Today’s interviewee is Irwin County coach Casey Soliday, whose team is ranked No. 3 in Class A Division II but also seeded No. 3 from its region, meaning a home playoff game is not likely on the path to a state championship. Irwin is 10-1, with its only loss against Clinch County. Irwin, Clinch and Brooks County finished in a three-way tie, broken by points differential in games among those teams, and then head-to-head. Irwin County beat eighth-ranked Greene County 42-7 in the first round and will play this week at Region 1 champion Early County.
1. How did you play in the first round? “I thought our defense played really well. That was the biggest key to the game. They had been moving the ball pretty well against some other people, and they have some good athletes and big linemen, and our defense maybe played their best game of the year to hold them. Our offense started off really well. We scored points quick, then got away from what we were doing, then got back to it and moved the ball to eat clock and finish it.” [Greene County was limited to 226 total yards and was 3-of-17 on third- and fourth-down conversions.]

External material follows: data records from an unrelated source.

lemma prod_nontrivial_roots_unity:
  assumes "p > 0"
  shows "(\<Prod>k\<in>{1..<p}. [:- cis (2 * pi * real k / real p), 1:]) = (\<Sum>i<p. monom 1 i)"
    (is "?P = ?Q")
proof (rule poly_eqI_degree_lead_coeff)
  define z where "z k = cis (2 * pi * real k / real p)" for k
  have inj: "inj_on z {..<p}"
    using Complex.bij_betw_roots_unity[OF assms] unfolding z_def bij_betw_def by blast
  have deg_P: "degree ?P = p - 1" by (subst degree_prod_sum_eq) auto
  moreover have "lead_coeff ?P = 1" by (simp add: lead_coeff_prod)
  ultimately show "coeff ?P (p - 1) = coeff ?Q (p - 1)"
    using assms by (simp add: coeff_geometric_poly)
  show "degree ?P \<le> p - 1" using deg_P by simp
  show "degree ?Q \<le> p - 1" using degree_geometric_poly[OF assms, where 'a = complex] by simp
  show "p - 1 \<le> card (z ` {1..<p})"
    using inj by (subst card_image) (auto intro: inj_on_subset)
  fix w assume "w \<in> z ` {1..<p}"
  then obtain k where k: "k \<in> {1..<p}" "w = z k" by blast
  then have "w ^ p = 1"
    using Complex.bij_betw_roots_unity[OF assms] unfolding z_def bij_betw_def by auto
  moreover have "w \<noteq> 1"
  proof
    assume "w = 1"
    then have "z k = z 0" using k by (simp add: z_def)
    with inj k have "k = 0" by (auto simp: inj_on_def)
    with k show False by simp
  qed
  ultimately have "poly ?Q w = 0"
    by (simp add: poly_sum poly_monom geometric_sum)
  moreover have "poly ?P w = 0" using k by (auto simp: poly_prod z_def intro!: prod_zero)
  ultimately show "poly ?P w = poly ?Q w" by simp
qed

2. Ranked No. 3 but likely won’t play a home game in the playoffs. How do you feel about your region’s tiebreaker and your playoff fate? “There are definitely other tiebreakers out there, but that was the one we agreed to, and that’s the one all teams were playing by. We may not like it right now, but if we’d handled our business, we wouldn’t be in this situation. Obviously you’d like a home game. It’s just more comfortable playing at home, and it’s a way to pay back your fans and the community for all they do. It’s always a big deal for them. We were a No. 1 seed two or three years ago and still had to go on the road twice because we lost coin tosses. It can go either way. You’ve got to play everybody if you’re trying to win it all. We just go as it comes and try to prepare for each game each week.”

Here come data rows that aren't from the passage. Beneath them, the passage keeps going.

(* Let $G=(V,E)$ be a directed acyclic graph with real edge weights, let $s_1,t_1,s_2,t_2\in V$, let $E_\cap=E(s_1,t_1)\cap E(s_2,t_2)$, and let $\mathcal{B}$ be the set of vertex sets of the connected components of the undirected graph on vertex set $V$ obtained from $(V,E_\cap)$ by ignoring edge directions. If $(P_1,P_2)\in\Pi(s_1,t_1)\times\Pi(s_2,t_2)$ is a pair of paths with $V(P_1)\cap V(P_2)\neq\emptyset$, then there is $B\in\mathcal{B}$ with $V(P_1)\cap V(P_2)\subseteq B$.
   Context: $\Pi(x,y)$ is the set of shortest (minimum weight) paths from $x$ to $y$; $E(x,y)$ is the set of edges lying on at least one path in $\Pi(x,y)$; $V(P)$ is the vertex set of path $P$. *)

theory Defs
  imports Complex_Main
begin

definition dag :: "'a set \<Rightarrow> ('a \<times> 'a) set \<Rightarrow> bool" where
  "dag V E \<longleftrightarrow> finite V \<and> E \<subseteq> V \<times> V \<and> (\<forall>v. (v, v) \<notin> E\<^sup>+)"

definition is_path :: "('a \<times> 'a) set \<Rightarrow> 'a list \<Rightarrow> 'a \<Rightarrow> 'a \<Rightarrow> bool" where
  "is_path E p x y \<longleftrightarrow> p \<noteq> [] \<and> hd p = x \<and> last p = y \<and>
     (\<forall>i. Suc i < length p \<longrightarrow> (p ! i, p ! Suc i) \<in> E)"

definition path_edges :: "'a list \<Rightarrow> ('a \<times> 'a) set" where
  "path_edges p = set (zip p (tl p))"

definition path_weight :: "('a \<times> 'a \<Rightarrow> real) \<Rightarrow> 'a list \<Rightarrow> real" where
  "path_weight w p = (\<Sum>e\<leftarrow>zip p (tl p). w e)"

definition shortest_paths ::
  "('a \<times> 'a) set \<Rightarrow> ('a \<times> 'a \<Rightarrow> real) \<Rightarrow> 'a \<Rightarrow> 'a \<Rightarrow> 'a list set" where
  "shortest_paths E w x y =
     {p. is_path E p x y \<and> (\<forall>q. is_path E q x y \<longrightarrow> path_weight w p \<le> path_weight w q)}"

definition sp_edges ::
  "('a \<times> 'a) set \<Rightarrow> ('a \<times> 'a \<Rightarrow> real) \<Rightarrow> 'a \<Rightarrow> 'a \<Rightarrow> ('a \<times> 'a) set" where
  "sp_edges E w x y = (\<Union>p\<in>shortest_paths E w x y. path_edges p)"

definition undirected_components :: "'a set \<Rightarrow> ('a \<times> 'a) set \<Rightarrow> 'a set set" where
  "undirected_components V F = V // (((F \<union> F\<inverse>)\<^sup>*) \<inter> (V \<times> V))"

end

theory Submission imports Defs begin

(* In a DAG, two vertices x, y common to P1 and P2 occur in the same order on both
   paths, since otherwise the two paths would close a cycle.  Both subpaths from x to y
   are then shortest x-y paths by the exchange argument, so they have equal weight, and
   splicing the subpath of P2 into P1 yields another shortest s1-t1 path.  Hence every
   edge of P2 between x and y lies in E(s1,t1) \<inter> E(s2,t2), which connects x and y. *)

definition join_path :: "'a list \<Rightarrow> 'a list \<Rightarrow> 'a list" where
  "join_path xs ys = xs @ tl ys"

definition subpath :: "'a list \<Rightarrow> nat \<Rightarrow> nat \<Rightarrow> 'a list" where
  "subpath p i j = drop i (take (Suc j) p)"

lemma path_edges_conv_nth: "path_edges p = {(p ! i, p ! Suc i) | i. Suc i < length p}"
  unfolding path_edges_def by (force simp: in_set_zip nth_tl)

lemma is_path_iff_path_edges:
  "is_path E p a b \<longleftrightarrow> p \<noteq> [] \<and> hd p = a \<and> last p = b \<and> path_edges p \<subseteq> E"
  unfolding is_path_def path_edges_conv_nth by auto

lemma is_path_mono: "is_path E p a b \<Longrightarrow> path_edges p \<subseteq> F \<Longrightarrow> is_path F p a b"
  by (simp add: is_path_iff_path_edges)

lemma is_path_nth_trancl:
  assumes "is_path E p a b" "i < j" "j < length p"
  shows "(p ! i, p ! j) \<in> E\<^sup>+"
  using assms(2,3)
proof (induction j)
  case (Suc j)
  have "(p ! j, p ! Suc j) \<in> E" using assms(1) Suc.prems(2) by (simp add: is_path_def)
  then show ?case using Suc by (cases "i = j") auto
qed simp

lemma is_path_nth_rtrancl:
  "is_path E p a b \<Longrightarrow> i \<le> j \<Longrightarrow> j < length p \<Longrightarrow> (p ! i, p ! j) \<in> E\<^sup>*"
  using is_path_nth_trancl[of E p a b i j] by (cases "i = j") auto

lemma is_path_rtrancl:
  assumes "is_path E p a b"
  shows "(a, b) \<in> E\<^sup>*"
proof -
  have "p \<noteq> []" "a = p ! 0" "b = p ! (length p - 1)"
    using assms by (auto simp: is_path_def hd_conv_nth last_conv_nth)
  then show ?thesis using is_path_nth_rtrancl[OF assms, of 0 "length p - 1"] by simp
qed

lemma set_path_subset:
  assumes "E \<subseteq> V \<times> V" "a \<in> V" "is_path E p a b"
  shows "set p \<subseteq> V"
proof
  fix x assume "x \<in> set p"
  then obtain n where "n < length p" "x = p ! n" by (auto simp: in_set_conv_nth)
  moreover have "p ! 0 = a" using assms(3) by (auto simp: is_path_def hd_conv_nth)
  ultimately have "(a, x) \<in> E\<^sup>*" using is_path_nth_rtrancl[OF assms(3), of 0 n] by simp
  then show "x \<in> V" using assms(1,2) by (induction rule: rtrancl_induct) auto
qed

lemma zip_tl_join_path:
  "xs \<noteq> [] \<Longrightarrow> last xs = hd ys \<Longrightarrow>
   zip (join_path xs ys) (tl (join_path xs ys)) = zip xs (tl xs) @ zip ys (tl ys)"
proof (induction xs)
  case (Cons x xs)
  then show ?case by (cases xs; cases ys) (auto simp: join_path_def)
qed simp

lemma path_edges_join_path:
  "xs \<noteq> [] \<Longrightarrow> last xs = hd ys \<Longrightarrow>
   path_edges (join_path xs ys) = path_edges xs \<union> path_edges ys"
  by (simp add: path_edges_def zip_tl_join_path)

lemma path_weight_join_path:
  "xs \<noteq> [] \<Longrightarrow> last xs = hd ys \<Longrightarrow>
   path_weight w (join_path xs ys) = path_weight w xs + path_weight w ys"
  by (simp add: path_weight_def zip_tl_join_path)

lemma is_path_join_path:
  assumes "is_path E xs a b" "is_path E ys b c"
  shows "is_path E (join_path xs ys) a c"
proof -
  have "last (join_path xs ys) = c"
    using assms by (cases ys) (auto simp: is_path_def join_path_def)
  then show ?thesis using assms path_edges_join_path[of xs ys]
    by (auto simp: is_path_iff_path_edges join_path_def)
qed

lemma join_path_take_drop: "i < length p \<Longrightarrow> join_path (take (Suc i) p) (drop i p) = p"
  unfolding join_path_def by (metis Cons_nth_drop_Suc append_take_drop_id list.sel(3))

lemma join_path_take_subpath:
  "i \<le> j \<Longrightarrow> j < length p \<Longrightarrow> join_path (take (Suc i) p) (subpath p i j) = take (Suc j) p"
  using join_path_take_drop[of i "take (Suc j) p"] by (simp add: subpath_def min_absorb1)

lemma is_path_take: "is_path E p a b \<Longrightarrow> i < length p \<Longrightarrow> is_path E (take (Suc i) p) a (p ! i)"
  unfolding is_path_def
  by (auto simp: hd_conv_nth last_conv_nth min_def intro: arg_cong[where f = "(!) p"])

lemma is_path_drop: "is_path E p a b \<Longrightarrow> i < length p \<Longrightarrow> is_path E (drop i p) (p ! i) b"
  unfolding is_path_def by (auto simp: hd_drop_conv_nth)

lemma is_path_subpath:
  "is_path E p a b \<Longrightarrow> i \<le> j \<Longrightarrow> j < length p \<Longrightarrow> is_path E (subpath p i j) (p ! i) (p ! j)"
  using is_path_drop[OF is_path_take, of E p a b j i] by (simp add: subpath_def)

lemma path_weight_split_subpath:
  assumes "is_path E p a b" "i \<le> j" "j < length p"
  shows "path_weight w p =
    path_weight w (take (Suc i) p) + path_weight w (subpath p i j) + path_weight w (drop j p)"
proof -
  have "p \<noteq> []" using assms(3) by auto
  then have "path_weight w p = path_weight w (take (Suc j) p) + path_weight w (drop j p)"
    using assms join_path_take_drop[of j p] path_weight_join_path[of "take (Suc j) p" "drop j p"]
    by (auto simp: last_conv_nth hd_drop_conv_nth)
  also have "path_weight w (take (Suc j) p) =
      path_weight w (take (Suc i) p) + path_weight w (subpath p i j)"
    using assms join_path_take_subpath[of i j p] is_path_subpath[OF assms]
      path_weight_join_path[of "take (Suc i) p" "subpath p i j"]
    by (simp add: last_conv_nth is_path_def)
  finally show ?thesis .
qed

lemma path_edges_subpath_subset:
  assumes "i \<le> j" "j < length p"
  shows "path_edges (subpath p i j) \<subseteq> path_edges p"
proof -
  have "p \<noteq> []" using assms(2) by auto
  then have "path_edges (take (Suc j) p) \<subseteq> path_edges p"
    using assms join_path_take_drop[of j p] path_edges_join_path[of "take (Suc j) p" "drop j p"]
    by (auto simp: last_conv_nth hd_drop_conv_nth)
  moreover have "path_edges (subpath p i j) \<subseteq> path_edges (take (Suc j) p)"
    using \<open>p \<noteq> []\<close> assms join_path_take_subpath[of i j p]
      path_edges_join_path[of "take (Suc i) p" "subpath p i j"]
    by (simp add: last_conv_nth subpath_def hd_drop_conv_nth)
  ultimately show ?thesis by blast
qed

lemma path_edges_subset_sp_edges: "p \<in> shortest_paths E w s t \<Longrightarrow> path_edges p \<subseteq> sp_edges E w s t"
  unfolding sp_edges_def by blast

lemma shortest_path_splice:
  assumes p: "p \<in> shortest_paths E w s t" and ij: "i \<le> j" "j < length p"
    and q: "is_path E q (p ! i) (p ! j)"
  shows "path_weight w (subpath p i j) \<le> path_weight w q"
    and "path_weight w q \<le> path_weight w (subpath p i j) \<Longrightarrow> path_edges q \<subseteq> sp_edges E w s t"
proof -
  have path_p: "is_path E p s t"
    and min_p: "\<And>r. is_path E r s t \<Longrightarrow> path_weight w p \<le> path_weight w r"
    using p by (auto simp: shortest_paths_def)
  have pre: "is_path E (take (Suc i) p) s (p ! i)" and suf: "is_path E (drop j p) (p ! j) t"
    using is_path_take[OF path_p] is_path_drop[OF path_p] ij by auto
  have pre_q: "is_path E (join_path (take (Suc i) p) q) s (p ! j)"
    by (rule is_path_join_path[OF pre q])
  define r where "r = join_path (join_path (take (Suc i) p) q) (drop j p)"
  have path_r: "is_path E r s t"
    unfolding r_def by (rule is_path_join_path[OF pre_q suf])
  have joinable: "xs \<noteq> []" "last xs = hd ys" if "is_path E xs a b" "is_path E ys b c" for xs ys a b c
    using that by (simp_all add: is_path_def)
  have weight_r: "path_weight w r =
      path_weight w (take (Suc i) p) + path_weight w q + path_weight w (drop j p)"
    unfolding r_def
    using path_weight_join_path[OF joinable[OF pre_q suf]] path_weight_join_path[OF joinable[OF pre q]]
    by simp
  have edges_r: "path_edges q \<subseteq> path_edges r"
    unfolding r_def
    using path_edges_join_path[OF joinable[OF pre_q suf]] path_edges_join_path[OF joinable[OF pre q]]
   by auto
  have weight_p: "path_weight w p =
      path_weight w (take (Suc i) p) + path_weight w (subpath p i j) + path_weight w (drop j p)"
    by (rule path_weight_split_subpath[OF path_p ij])
  show "path_weight w (subpath p i j) \<le> path_weight w q"
    using min_p[OF path_r] weight_r weight_p by simp
  assume "path_weight w q \<le> path_weight w (subpath p i j)"
  then have "r \<in> shortest_paths E w s t"
    using path_r min_p weight_r weight_p by (fastforce simp: shortest_paths_def)
  then show "path_edges q \<subseteq> sp_edges E w s t"
    using edges_r by (blast dest: path_edges_subset_sp_edges)
qed

lemma acyclic_common_vertices_same_order:
  assumes "acyclic E" "is_path E p a b" "is_path E q c d"
    and "i \<le> j" "j < length p" "k < length q" "l < length q"
    and "p ! i = q ! k" "p ! j = q ! l"
  shows "k \<le> l"
proof (rule ccontr)
  assume "\<not> k \<le> l"
  then have "(q ! l, q ! k) \<in> E\<^sup>+" using is_path_nth_trancl[OF assms(3)] assms(6) by simp
  moreover have "(q ! k, q ! l) \<in> E\<^sup>*" using is_path_nth_rtrancl[OF assms(2,4,5)] assms(8,9) by simp
  ultimately have "(q ! l, q ! l) \<in> E\<^sup>+" by simp
  then show False using assms(1) by (simp add: acyclic_def)
qed

lemma common_vertices_sp_edges_rtrancl:
  assumes "acyclic E" and P1: "P1 \<in> shortest_paths E w s1 t1" and P2: "P2 \<in> shortest_paths E w s2 t2"
    and ij: "i \<le> j" "j < length P1" and "k < length P2" "l < length P2"
    and x: "P1 ! i = P2 ! k" and y: "P1 ! j = P2 ! l"
  shows "(P1 ! i, P1 ! j) \<in> (sp_edges E w s1 t1 \<inter> sp_edges E w s2 t2)\<^sup>*"
proof -
  have path1: "is_path E P1 s1 t1" and path2: "is_path E P2 s2 t2"
    using P1 P2 by (auto simp: shortest_paths_def)
  have kl: "k \<le> l"
    using acyclic_common_vertices_same_order[OF assms(1) path1 path2 ij assms(6,7) x y] .
  let ?q = "subpath P2 k l"
  have q: "is_path E ?q (P1 ! i) (P1 ! j)"
    using is_path_subpath[OF path2 kl assms(7)] x y by simp
  have "path_weight w (subpath P1 i j) \<le> path_weight w ?q"
    by (rule shortest_path_splice(1)[OF P1 ij q])
  moreover have "path_weight w ?q \<le> path_weight w (subpath P1 i j)"
    using shortest_path_splice(1)[OF P2 kl assms(7)] is_path_subpath[OF path1 ij] x y by simp
  ultimately have "path_edges ?q \<subseteq> sp_edges E w s1 t1"
    using shortest_path_splice(2)[OF P1 ij q] by simp
  moreover have "path_edges ?q \<subseteq> sp_edges E w s2 t2"
    using path_edges_subpath_subset[OF kl assms(7)] path_edges_subset_sp_edges[OF P2] by blast
  ultimately show ?thesis
    using is_path_rtrancl[OF is_path_mono[OF q]] by blast
qed

lemma common_vertices_comparable:
  assumes "acyclic E" "P1 \<in> shortest_paths E w s1 t1" "P2 \<in> shortest_paths E w s2 t2"
    and "x \<in> set P1 \<inter> set P2" "y \<in> set P1 \<inter> set P2"
  defines "F \<equiv> sp_edges E w s1 t1 \<inter> sp_edges E w s2 t2"
  shows "(x, y) \<in> F\<^sup>* \<or> (y, x) \<in> F\<^sup>*"
proof -
  obtain i k where i: "i < length P1" "P1 ! i = x" and k: "k < length P2" "P2 ! k = x"
    using assms(4) by (auto simp: in_set_conv_nth)
  obtain j l where j: "j < length P1" "P1 ! j = y" and l: "l < length P2" "P2 ! l = y"
    using assms(5) by (auto simp: in_set_conv_nth)
  show ?thesis
  proof (cases "i \<le> j")
    case True
    then show ?thesis
      using common_vertices_sp_edges_rtrancl[OF assms(1-3) True j(1) k(1) l(1)] i j k l
      unfolding F_def by simp
  next
    case False
    then show ?thesis
      using common_vertices_sp_edges_rtrancl[OF assms(1-3), of j i l k] i j k l
      unfolding F_def by simp
  qed
qed

lemma subset_undirected_component:
  assumes "S \<subseteq> V" "x \<in> S" "\<And>y z. y \<in> S \<Longrightarrow> z \<in> S \<Longrightarrow> (y, z) \<in> F\<^sup>* \<or> (z, y) \<in> F\<^sup>*"
  shows "\<exists>B \<in> undirected_components V F. S \<subseteq> B"
proof -
  let ?R = "(F \<union> F\<inverse>)\<^sup>* \<inter> V \<times> V"
  have "(x, y) \<in> ?R" if "y \<in> S" for y
  proof -
    have "F\<^sup>* \<subseteq> (F \<union> F\<inverse>)\<^sup>*" "(F\<^sup>*)\<inverse> \<subseteq> (F \<union> F\<inverse>)\<^sup>*"
      by (simp_all add: rtrancl_mono flip: rtrancl_converse)
    then show ?thesis using assms(1,2) assms(3)[OF assms(2) that] that by blast
  qed
  then have "S \<subseteq> ?R `` {x}" by blast
  moreover have "?R `` {x} \<in> undirected_components V F"
    unfolding undirected_components_def using assms(1,2) by (intro quotientI) blast
  ultimately show ?thesis by blast
qed

theorem lemma18:
  fixes V :: "'a set" and E :: "('a \<times> 'a) set" and w :: "'a \<times> 'a \<Rightarrow> real"
    and s1 t1 s2 t2 :: 'a and P1 P2 :: "'a list"
  assumes "dag V E"
    and "s1 \<in> V" "t1 \<in> V" "s2 \<in> V" "t2 \<in> V"
    and "P1 \<in> shortest_paths E w s1 t1"
    and "P2 \<in> shortest_paths E w s2 t2"
    and "set P1 \<inter> set P2 \<noteq> {}"
  shows "\<exists>B \<in> undirected_components V (sp_edges E w s1 t1 \<inter> sp_edges E w s2 t2).
           set P1 \<inter> set P2 \<subseteq> B"
proof -
  have "acyclic E" and EV: "E \<subseteq> V \<times> V" using assms(1) by (simp_all add: dag_def acyclic_def)
  have "is_path E P1 s1 t1" using assms(6) by (simp add: shortest_paths_def)
  then have "set P1 \<inter> set P2 \<subseteq> V" using set_path_subset[OF EV assms(2)] by auto
  moreover obtain x where "x \<in> set P1 \<inter> set P2" using assms(8) by blast
  ultimately show ?thesis
    by (rule subset_undirected_component[OF _ _ common_vertices_comparable[OF \<open>acyclic E\<close> assms(6,7)]])
qed

end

3. Shane Marshall has rushed for more than 1,450 yards this season on an offense averaging more than 40 points per game. Is he the best running back that Irwin has had over the years? “He’s one of the better ones for sure, but everyone was a little different in how good they were. Take D.J. Lundy. He was more of a power back and could do things because of his size. [Lundy is now a linebacker at Florida State.] We also had Gabe Benyard, who was good because of how athletic he was, and he was also your best receiver. We could move him around and throw it up to him, and he would get it. [Benyard is a wide receiver at Kennesaw State.] Shane is more of a pure running back than the other two. It would be tough to say one was better than the other. All had their things. What makes Shane good is just his tenacity and want to. He has very good feet and vision, and then you mix that with being quick and having some explosion, and that makes for a really good running back. [Marshall is committed to Minnesota.]”

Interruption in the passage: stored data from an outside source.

lemma vietoris_plim_principal_closure_of_image_ultrafilters:
  assumes X: "range principal \<subseteq> X" and p: "ultrafilter_on_nat p"
    and C: "\<And>n. C n \<noteq> {}" "\<And>n. finite (C n)"
    and Z: "image_ultrafilter p ` Pi UNIV C \<subseteq> X"
  shows "plim (vietoris (subtopology beta_top X)) p
      (subtopology beta_top X closure_of (image_ultrafilter p ` Pi UNIV C)) (\<lambda>n. principal ` C n)"
proof (rule plim_vietoris_closure_of_selector_limits[OF p])
  have principal_in: "principal m \<in> topspace (subtopology beta_top X)" for m
    using X ultrafilter_on_nat_principal by (auto simp: topspace_beta_top beta_omega_def)
  have lim: "plim (subtopology beta_top X) p (image_ultrafilter p g) (\<lambda>n. principal (g n))"
    if "g \<in> Pi UNIV C" for g
  proof (rule plim_subtopology)
    show "plim beta_top p (image_ultrafilter p g) (\<lambda>n. principal (g n))"
      using plim_beta_top_principal_iff[OF p] by simp
    show "image_ultrafilter p g \<in> X" using that Z by blast
    show "principal (g n) \<in> X" for n using X by blast
  qed
  show "principal ` C n \<in> CL (subtopology beta_top X)" for n
  proof (rule finite_in_CL)
    show "t1_space (subtopology beta_top X)" using t1_space_beta_top by (rule t1_space_subtopology)
    show "principal ` C n \<subseteq> topspace (subtopology beta_top X)" using principal_in by blast
  qed (use C in auto)
  show "\<exists>z\<in>image_ultrafilter p ` Pi UNIV C. plim (subtopology beta_top X) p z \<sigma>"
    if \<sigma>: "\<And>n. \<sigma> n \<in> principal ` C n" for \<sigma>
  proof -
    have "\<forall>n. \<exists>m. m \<in> C n \<and> \<sigma> n = principal m" using \<sigma> by blast
    then obtain g where g: "\<forall>n. g n \<in> C n \<and> \<sigma> n = principal (g n)" by (rule choice[THEN exE])
    then have "\<sigma> = (\<lambda>n. principal (g n))" by (intro ext) blast
    moreover have "g \<in> Pi UNIV C" using g by simp
    ultimately have "plim (subtopology beta_top X) p (image_ultrafilter p g) \<sigma>" using lim by simp
    with \<open>g \<in> Pi UNIV C\<close> show ?thesis by blast
  qed
  show "\<exists>\<sigma>. (\<forall>n. \<sigma> n \<in> principal ` C n) \<and> plim (subtopology beta_top X) p z \<sigma>"
    if z: "z \<in> image_ultrafilter p ` Pi UNIV C" for z
  proof -
    obtain g where "g \<in> Pi UNIV C" "z = image_ultrafilter p g" using z by blast
    then have "(\<forall>n. principal (g n) \<in> principal ` C n)
        \<and> plim (subtopology beta_top X) p z (\<lambda>n. principal (g n))"
      using lim[of g] by (simp add: Pi_iff)
    then show ?thesis by (intro exI[of _ "\<lambda>n. principal (g n)"])
  qed
qed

4. On the subject of issues, the GHSA’s board of trustees met Wednesday to discuss the proposed competitive-balance model for classifying teams. No decision is imminent. But how do you feel about this model, which would classify schools based on their overall sports success and not enrollment except as a starting point? “I’m not a fan of the competitive-balance thing. I think there’s a lot of [bad] things that can happen because of it. For example, I can think back when Clinch County had a year when they had a group of kids that won the state championship in football, basketball and baseball, so they might be in single-A this year, and those guys graduate, and the kids that follow them pay the price and have to be moved up. The other thing is, people just look at football, but if you have a soccer program that hasn’t won a game, and you move up [as a school], you’ve just increased their competition. Another scenario I’ve heard from a few coaches is that if they’ve got football players playing basketball and baseball that they [the coaches] need to do their best not to let them play in basketball and baseball so they won’t get moved up. I don’t think that’s an option we want to go down.”